Jan. 18 (Bloomberg) -- The yuan traded within 0.05 percent of a 19-year high after China’s economic growth topped estimates, quickening for the first time in two years.
Gross domestic product rose 7.9 percent in the three months ended Dec. 31, official data showed today. That compares with a 7.4 percent increase in the previous period and the median estimate for a 7.8 percent gain in a Bloomberg News survey of economists. Asian stocks advanced as a jump in housing starts and a drop in jobless claims in the U.S. added to signs of a recovery in the world’s largest economy, brightening the outlook for Asian exports.
“The data boosted confidence that China’s growth is regaining momentum, which will drive demand for the yuan,” said Stella Lee, president at Success Wealth Management Ltd. in Hong Kong. “A better export outlook will also support the yuan.”
The yuan closed at 6.2154 per dollar in Shanghai, little changed from yesterday’s 6.2160, according to the China Foreign Exchange Trade System.
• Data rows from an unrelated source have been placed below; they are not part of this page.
lemma eta_le_scaled:
  assumes "1 \<le> a" "a \<le> real n" "1 \<le> \<beta>" "max 1 (a / \<beta>) \<le> b" "b \<le> real n"
    and "\<forall>i\<in>{1..n}. 0 \<le> w i"
  shows "eta n w a \<le> 2 * \<beta> * eta n w b"
proof -
  define c where "c = max 1 (a / \<beta>)"
  define k where "k = nat \<lfloor>a\<rfloor>"
  define m where "m = nat \<lfloor>c\<rfloor>"
  have "a / \<beta> \<le> a" using assms(1,3) by (simp add: divide_le_eq mult_le_cancel_left1)
  then have c: "1 \<le> c" "c \<le> a" "c \<le> real n" using assms(1,2) by (auto simp: c_def)
  note k = nat_floor_bounds[OF assms(1,2), folded k_def]
  note m = nat_floor_bounds[OF c(1,3), folded m_def]
  have mk: "m \<le> k" unfolding m_def k_def using c(2) by (simp add: floor_mono nat_mono)
  have "a < \<beta> * (real m + 1)"
    using m(4) assms(3) by (auto simp: c_def divide_less_eq mult.commute)
  also have "\<dots> \<le> 2 * \<beta> * real m" using m(1) assms(3) by (simp add: algebra_simps)
  finally have km: "real k \<le> 2 * \<beta> * real m" using k(3) by linarith
  have "real m * eta n w (real k) \<le> real k * eta n w (real m)"
    using eta_ratio_nat[OF m(1) mk k(2) assms(6)] .
  also have "\<dots> \<le> real m * (2 * \<beta> * eta n w (real m))"
    using mult_right_mono[OF km eta_of_nat_bounds(1)[OF m(1,2) assms(6)]] by (simp add: algebra_simps)
  finally have "eta n w (real k) \<le> 2 * \<beta> * eta n w (real m)"
    using m(1) by (simp add: mult_le_cancel_left_pos)
  also have "eta n w (real m) \<le> eta n w b"
    using order_trans[OF m(3) assms(4)[folded c_def]] by (intro eta_mono assms(5,6))
  finally show ?thesis
    using assms(1,3) eta_floor[of a n w] by (simp add: k_def mult_left_mono)
qed

section \<open>Matroid rank and maximal densest sets\<close>

lemma matroid_finite: "matroid N indep \<Longrightarrow> finite N"
  unfolding matroid_def by simp

lemma matroid_indep_subset: "matroid N indep \<Longrightarrow> indep I \<Longrightarrow> I \<subseteq> N"
  unfolding matroid_def by blast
The currency touched 6.2124 per dollar on Jan. 14, the strongest level since the government unified market and official exchange rates at the end of 1993.
Twelve-month non-deliverable forwards were little changed today at 6.2798 per dollar in Hong Kong, a 1 percent discount to the onshore spot rate, according to data compiled by Bloomberg. The contracts were little changed from a week ago. The Chinese currency fell 0.06 percent to 6.1905 versus the greenback in the offshore market.
The People’s Bank of China raised the reference rate by 0.02 percent to 6.2752 per dollar today. The spot is allowed to trade as much as 1 percent on either side of the fixing.
China’s industrial output rose 10.3 percent in December, the fastest pace since March, compared with the 10.2 percent median forecast in a Bloomberg survey of 44 analysts, according to a report today. Retail sales climbed 15.2 percent from a year earlier, compared with the median analyst estimate of 15.1 percent and a 14.9 percent increase the previous month.
One-month implied volatility, a measure of expected moves in exchange rates used to price options, declined 35 basis points, or 0.35 percentage point, to 1.40 percent this week, according to data compiled by Bloomberg. The gauge was steady today.